Journey to Christmas

Saturday, 7 p.m., CTS

It's the official start of the holiday season on TV. We know this because It's a Wonderful Life airs tonight (NBC, CTV, 8 p.m.). This program is rather different. It follows the eye-opening travels of six people of varying religious backgrounds, as they experience the Holy Land for the first time and search for what the program calls "a deeper meaning to Christmas." Beautifully made with startling visuals, it is essentially a reality show with grave spiritual undertones. Local guides and other experts are interviewed to guide both the participants and viewers toward the roots of the story of the nativity. The dramatic recreations are, inevitably, rather creaky, but it is the reaction of the participants to the environment and the history explained to them that actually captivates.

GIA: Story of a Model

Saturday, HBO Canada, 8 p.m.

The HBO movie that made Angelina Jolie famous. Sex. Lesbian sex. Drugs. Gia isn't brilliant, but it's compellingly strange and lurid. Jolie is Gia, a working-class kid who tumbled into modeling and, with her raw sexual looks, instantly became a top model. She was also a little crazy – a punk kid at home in the alternative rock world of David Bowie wannabes and drug-addled pseudo-artists. Shallow, violent, impulsive, lesbian and utterly unwilling to stop taking cocaine, she threw her short life into a downward spiral that ended with her AIDS-related death from an infected needle in 1986. Jolie is charmingly enthusiastic in enacting it all, but the movie is too enthusiastic about letting the modelling business off the hook and blaming Gia's mother, played by Mercedes Ruehl, for all her problems.
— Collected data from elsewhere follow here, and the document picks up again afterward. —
(* Let $q$ be a set of operations on a set $\Omega$ and write $\sim$ for $\sim_q$. (1) A relation $R\subseteq\Omega^k$ is definable in $\mathscr L^-_{\infty\infty}(q)$ with parameters from $\Omega$ if and only if $R$ is invariant under $\sim$. (2) For every quantifier $Q$ on $\Omega$, $Q^{\upharpoonright q}=\cup(Q/\!\sim)$.
   Context: A set of operations on $\Omega$ is a set of finitary relations and quantifiers (subsets of $\mathcal P(\Omega^{k_1})\times\cdots\times\mathcal P(\Omega^{k_l})$) on $\Omega$; $\mathscr L^-_{\infty\infty}(q)$ is the corresponding equality-free infinitary logic with Lindström quantifiers. $a\sim_q b$ iff for every formula $\phi(x,\bar y)$ of $\mathscr L^-_{\infty\infty}(q)$ and every tuple $\bar c$ from $\Omega$, $\phi(a,\bar c)\iff\phi(b,\bar c)$ in $(\Omega,q)$. $R$ is invariant under $\sim$ if $\bar a\sim\bar b$ (coordinatewise) implies ($\bar a\in R\iff\bar b\in R$). $Q^{\upharpoonright q}$ is the set of tuples $(R_1,\dots,R_l)\in Q$ with each $R_i$ definable in $\mathscr L^-_{\infty\infty}(q)$ with parameters from $\Omega$. For an equivalence relation $\sim$ with classes $[a]$: for $R'\subseteq(\Omega/\!\sim)^k$, $\cup R'=\{(a_1,\dots,a_k)\in\Omega^k: ([a_1],\dots,[a_k])\in R'\}$; for a quantifier $Q$ on $\Omega$, $Q/\!\sim=\{(R'_1,\dots,R'_l): (\cup R'_1,\dots,\cup R'_l)\in Q\}$ (a quantifier on $\Omega/\!\sim$); for a quantifier $Q'$ on $\Omega/\!\sim$, $\cup Q'=\{(\cup R'_1,\dots,\cup R'_l): (R'_1,\dots,R'_l)\in Q'\}$. *)

theory Defs
  imports Main
begin

text \<open>
  The universe Omega is the whole type 'a.  Tuples in Omega^k are lists of length k.
  An operation is either a k-ary relation or a quantifier of type (k_1,...,k_l),
  i.e. a set of l-tuples (lists) of relations R_i with R_i a subset of Omega^(k_i).
\<close>

datatype 'a oper = Rel nat "'a list set" | Quant "nat list" "'a list set list set"

definition is_quant :: "nat list \<Rightarrow> 'b list set list set \<Rightarrow> bool" where
  "is_quant ks Q \<longleftrightarrow> (\<forall>Rs\<in>Q. length Rs = length ks \<and>
      (\<forall>i<length ks. \<forall>t\<in>Rs ! i. length t = ks ! i))"

definition upd :: "('v \<Rightarrow> 'a) \<Rightarrow> 'v list \<Rightarrow> 'a list \<Rightarrow> 'v \<Rightarrow> 'a" where
  "upd s xs as = (\<lambda>v. case map_of (zip xs as) v of Some a \<Rightarrow> a | None \<Rightarrow> s v)"

text \<open>
  Semantic presentation of the equality-free infinitary logic L^-_{infinity infinity}(q)
  with Lindstroem quantifiers, with variables of type 'v and with constants
  (parameters) for every element of Omega.  Terms are variables (Inl) or constants (Inr).
  A formula is identified with the set of assignments satisfying it; lformula q A
  says that A is the meaning of some formula.
\<close>
definition tval :: "('v \<Rightarrow> 'a) \<Rightarrow> 'v + 'a \<Rightarrow> 'a" where
  "tval s t = (case t of Inl v \<Rightarrow> s v | Inr a \<Rightarrow> a)"

inductive lformula :: "'a oper set \<Rightarrow> ('v \<Rightarrow> 'a) set \<Rightarrow> bool" for q where
  atom: "Rel k R \<in> q \<Longrightarrow> length ts = k \<Longrightarrow> lformula q {s. map (tval s) ts \<in> R}"
| neg: "lformula q A \<Longrightarrow> lformula q (- A)"
| conj: "(\<And>A. A \<in> F \<Longrightarrow> lformula q A) \<Longrightarrow> lformula q (\<Inter> F)"
| ex: "lformula q A \<Longrightarrow>
     lformula q {s. \<exists>t. (\<forall>v. v \<notin> X \<longrightarrow> t v = s v) \<and> t \<in> A}"
| quant: "Quant ks Q \<in> q \<Longrightarrow> length xss = length ks \<Longrightarrow> length As = length ks \<Longrightarrow>
     (\<And>i. i < length ks \<Longrightarrow> distinct (xss ! i) \<and> length (xss ! i) = ks ! i) \<Longrightarrow>
     (\<And>i. i < length ks \<Longrightarrow> lformula q (As ! i)) \<Longrightarrow>
     lformula q {s. map (\<lambda>i. {as. length as = ks ! i \<and> upd s (xss ! i) as \<in> As ! i})
                        [0..<length ks] \<in> Q}"

text \<open>a \<sim>_q b: no formula phi(x, parameters) distinguishes a from b.
  The assignment s supplies the parameters for the remaining free variables.\<close>
definition lsim :: "'v itself \<Rightarrow> 'a oper set \<Rightarrow> 'a \<Rightarrow> 'a \<Rightarrow> bool" where
  "lsim (_::'v itself) q a b \<longleftrightarrow>
     (\<forall>(A::('v \<Rightarrow> 'a) set) s x. lformula q A \<longrightarrow> (s(x := a) \<in> A \<longleftrightarrow> s(x := b) \<in> A))"

definition ldefinable :: "'v itself \<Rightarrow> 'a oper set \<Rightarrow> nat \<Rightarrow> 'a list set \<Rightarrow> bool" where
  "ldefinable (_::'v itself) q k R \<longleftrightarrow>
     (\<exists>(A::('v \<Rightarrow> 'a) set) xs s. lformula q A \<and> distinct xs \<and> length xs = k \<and>
        R = {as. length as = k \<and> upd s xs as \<in> A})"

definition invariant :: "('a \<Rightarrow> 'a \<Rightarrow> bool) \<Rightarrow> nat \<Rightarrow> 'a list set \<Rightarrow> bool" where
  "invariant sim k R \<longleftrightarrow>
     (\<forall>as bs. length as = k \<longrightarrow> list_all2 sim as bs \<longrightarrow> (as \<in> R \<longleftrightarrow> bs \<in> R))"

definition restrict_def :: "'v itself \<Rightarrow> 'a oper set \<Rightarrow> nat list \<Rightarrow> 'a list set list set
     \<Rightarrow> 'a list set list set" where
  "restrict_def V q ks Q = {Rs \<in> Q. \<forall>i<length ks. ldefinable V q (ks ! i) (Rs ! i)}"

text \<open>Quotients: classes of an equivalence relation are represented as sets;
  Omega/sim is the set of classes.\<close>
definition cls :: "('a \<Rightarrow> 'a \<Rightarrow> bool) \<Rightarrow> 'a \<Rightarrow> 'a set" where
  "cls sim a = {b. sim a b}"

definition quot :: "('a \<Rightarrow> 'a \<Rightarrow> bool) \<Rightarrow> 'a set set" where
  "quot sim = range (cls sim)"

definition cup_rel :: "('a \<Rightarrow> 'a \<Rightarrow> bool) \<Rightarrow> 'a set list set \<Rightarrow> 'a list set" where
  "cup_rel sim R' = {as. map (cls sim) as \<in> R'}"

definition quot_quant :: "('a \<Rightarrow> 'a \<Rightarrow> bool) \<Rightarrow> nat list \<Rightarrow> 'a list set list set
     \<Rightarrow> 'a set list set list set" where
  "quot_quant sim ks Q = {R's. length R's = length ks \<and>
      (\<forall>i<length ks. \<forall>cs\<in>R's ! i. length cs = ks ! i \<and> set cs \<subseteq> quot sim) \<and>
      map (cup_rel sim) R's \<in> Q}"

definition cup_quant :: "('a \<Rightarrow> 'a \<Rightarrow> bool) \<Rightarrow> 'a set list set list set \<Rightarrow> 'a list set list set" where
  "cup_quant sim Q' = (\<lambda>R's. map (cup_rel sim) R's) ` Q'"

end

(*
  Definable relations are invariant: changing a tuple one coordinate at a time, each step
  is an instance of the definition of \<sim>.  Conversely, renaming variables and turning all
  but one of them into parameters makes every formula a one-variable formula; the class of
  a is the conjunction of all such formulas satisfied by a, so classes are definable, and an
  invariant k-ary relation is the disjunction, over its tuples, of the conjunctions of the
  class formulas of their entries, written in k distinct variables (there are infinitely
  many).  Part (2) is then a fact about quotients by an equivalence relation: a tuple of
  relations is the union of a tuple of relations on classes iff each relation is invariant.
*)

theory Submission
  imports Defs
begin

lemma lformula_Union:
  assumes "\<And>A. A \<in> F \<Longrightarrow> lformula q A"
  shows "lformula q (\<Union> F)"
proof -
  have "\<Union> F = - \<Inter> (uminus ` F)" by auto
  moreover have "lformula q (- \<Inter> (uminus ` F))"
    using assms by (intro lformula.neg lformula.conj) (auto intro: lformula.neg)
  ultimately show ?thesis by (simp only:)
qed

lemma lformula_quant_pullback:
  assumes "Quant ks Q \<in> q" and "length xss = length ks"
    and "\<And>i. i < length ks \<Longrightarrow> distinct (xss ! i) \<and> length (xss ! i) = ks ! i"
    and "\<And>i. i < length ks \<Longrightarrow> lformula q (Bs i)"
    and "\<And>t i as. i < length ks \<Longrightarrow> length as = ks ! i \<Longrightarrow>
           upd (f t) (ys ! i) as \<in> As ! i \<longleftrightarrow> upd t (xss ! i) as \<in> Bs i"
  shows "lformula q {t. map (\<lambda>i. {as. length as = ks ! i \<and> upd (f t) (ys ! i) as \<in> As ! i})
                          [0..<length ks] \<in> Q}"
proof -
  have "map (\<lambda>i. {as. length as = ks ! i \<and> upd (f t) (ys ! i) as \<in> As ! i}) [0..<length ks]
      = map (\<lambda>i. {as. length as = ks ! i \<and> upd t (xss ! i) as \<in> map Bs [0..<length ks] ! i})
          [0..<length ks]" for t
    using assms(5) by (intro map_cong) auto
  moreover have "lformula q {t. map (\<lambda>i. {as. length as = ks ! i \<and>
      upd t (xss ! i) as \<in> map Bs [0..<length ks] ! i}) [0..<length ks] \<in> Q}"
    using assms(3,4) by (intro lformula.quant[OF assms(1,2)]) auto
  ultimately show ?thesis by (simp only:)
qed

fun fix_term :: "'v set \<Rightarrow> ('v \<Rightarrow> 'a) \<Rightarrow> 'v + 'a \<Rightarrow> 'v + 'a" where
  "fix_term Y c (Inl v) = (if v \<in> Y then Inl v else Inr (c v))"
| "fix_term Y c (Inr a) = Inr a"

lemma tval_override_on: "tval (override_on c t Y) = tval t \<circ> fix_term Y c"
proof
  show "tval (override_on c t Y) u = (tval t \<circ> fix_term Y c) u" for u
    by (cases u) (auto simp: tval_def)
qed

lemma upd_override_on:
  assumes "length as = length xs"
  shows "upd (override_on c t Y) xs as = override_on c (upd t xs as) (Y \<union> set xs)"
proof
  fix v
  show "upd (override_on c t Y) xs as v = override_on c (upd t xs as) (Y \<union> set xs) v"
  proof (cases "map_of (zip xs as) v")
    case None
    then have "v \<notin> set xs" using assms by simp
    then show ?thesis using None by (simp add: upd_def override_on_def)
  next
    case (Some a)
    then have "v \<in> set xs" by (auto dest: map_of_SomeD set_zip_leftD)
    then show ?thesis using Some by (simp add: upd_def)
  qed
qed

text \<open>Syntactically: substitute the parameter \<open>c v\<close> for every free variable \<open>v\<close> outside \<open>Y\<close>.\<close>

lemma lformula_override_on:
  assumes "lformula q A"
  shows "lformula q {t. override_on c t Y \<in> A}"
  using assms
proof (induction arbitrary: Y rule: lformula.induct)
  case (atom k R ts)
  have "{t. override_on c t Y \<in> {s. map (tval s) ts \<in> R}}
      = {t. map (tval t) (map (fix_term Y c) ts) \<in> R}"
    by (simp add: tval_override_on)
  then show ?case using lformula.atom[OF atom(1), of "map (fix_term Y c) ts"] atom(2) by simp
next
  case (neg A)
  have "{t. override_on c t Y \<in> - A} = - {t. override_on c t Y \<in> A}" by auto
  then show ?case using lformula.neg[OF neg.IH] by simp
next
  case (conj F)
  have "{t. override_on c t Y \<in> \<Inter> F} = \<Inter> ((\<lambda>A. {t. override_on c t Y \<in> A}) ` F)" by auto
  then show ?case using conj.IH by (auto intro!: lformula.conj)
next
  case (ex A X)
  have "{t. override_on c t Y \<in> {s. \<exists>u. (\<forall>v. v \<notin> X \<longrightarrow> u v = s v) \<and> u \<in> A}}
      = {s. \<exists>u. (\<forall>v. v \<notin> X \<longrightarrow> u v = s v) \<and> u \<in> {w. override_on c w (Y \<union> X) \<in> A}}"
  proof (intro set_eqI iffI; clarsimp)
    fix t u assume u: "\<forall>v. v \<notin> X \<longrightarrow> u v = override_on c t Y v" "u \<in> A"
    then have "override_on c (override_on t u X) (Y \<union> X) = u"
      by (auto simp: override_on_def)
    with u show "\<exists>w. (\<forall>v. v \<notin> X \<longrightarrow> w v = t v) \<and> override_on c w (Y \<union> X) \<in> A"
      by (intro exI[of _ "override_on t u X"]) auto
  next
    fix t u assume u: "\<forall>v. v \<notin> X \<longrightarrow> u v = t v" "override_on c u (Y \<union> X) \<in> A"
    then show "\<exists>w. (\<forall>v. v \<notin> X \<longrightarrow> w v = override_on c t Y v) \<and> w \<in> A"
      by (intro exI[of _ "override_on c u (Y \<union> X)"]) (auto simp: override_on_def)
  qed
  then show ?case using lformula.ex[OF ex.IH] by simp
next
  case (quant ks Q xss As)
  show ?case unfolding mem_Collect_eq
    by (rule lformula_quant_pullback[OF quant(1,2,4), where f="\<lambda>t. override_on c t Y"
          and Bs="\<lambda>i. {u. override_on c u (Y \<union> set (xss ! i)) \<in> As ! i}"])
      (auto simp: quant.IH quant(4) upd_override_on)
qed

lemma tval_comp: "tval (t \<circ> \<pi>) = tval t \<circ> map_sum \<pi> id"
proof
  show "tval (t \<circ> \<pi>) u = (tval t \<circ> map_sum \<pi> id) u" for u
    by (cases u) (auto simp: tval_def)
qed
Larry King Special: A Dinner with Kings

Sunday, CNN, 8 p.m.

Larry King hasn't really left CNN. Here, in one of the specials he now regularly contributes, he and his wife Shawn have dinner with Conan O'Brien, Tyra Banks, Russell Brand, Shaquille O'Neal, Quincy Jones, Seth MacFarlane and others. The dinner is, of course, prepared by a celebrity chef. In this case Wolfgang Puck. The topics under discussion for dinner are life, love, insecurities, success and failures. Really, though, it's insecurity that dominates. Conan O'Brien says: "There's a tendency for people to look at a table like some of the people that are here and say they've made it. They have it. And what they don't understand is the amount of insecurity that drives you when you're 15. But it's still there when you're 48." Further, Tyra Banks asserts she's not sexy: "I'm so not sexy. I know how to turn it on for a picture, but I'm not sexy in real life." Hey, Hollywood celebrities are just like you and me.

Pan Am

Sunday, ABC, CTV, 10 p.m.

It's hard to believe that this heavily promoted and much-talked-about show is in trouble. But it is. It hasn't been cancelled, but will disappear from the schedule in early 2012 and is a long shot for renewal. Little wonder, really. Expensive to make, it got attention but failed to capture a large, loyal following. While the initial attraction was the retro look and feel and the sense that it took viewers back to a more optimistic time, that sensibility evaporated and the show descended into low-grade soap-opera dramatics. Tonight, the Pan Am crew are in London, England. The plot synopsis is this: "Once in London, Ted enlists Laura's help to try to make an old flame jealous, but things don't go the way he expects. Maggie butts heads with a hawkish congressman who disagrees with her political views, but things really heat up when she tries to change his mind about his beliefs and ends up sparking an attraction with him." Hardly must-see TV. If you're addicted, watch it while you still can.

Check local listings.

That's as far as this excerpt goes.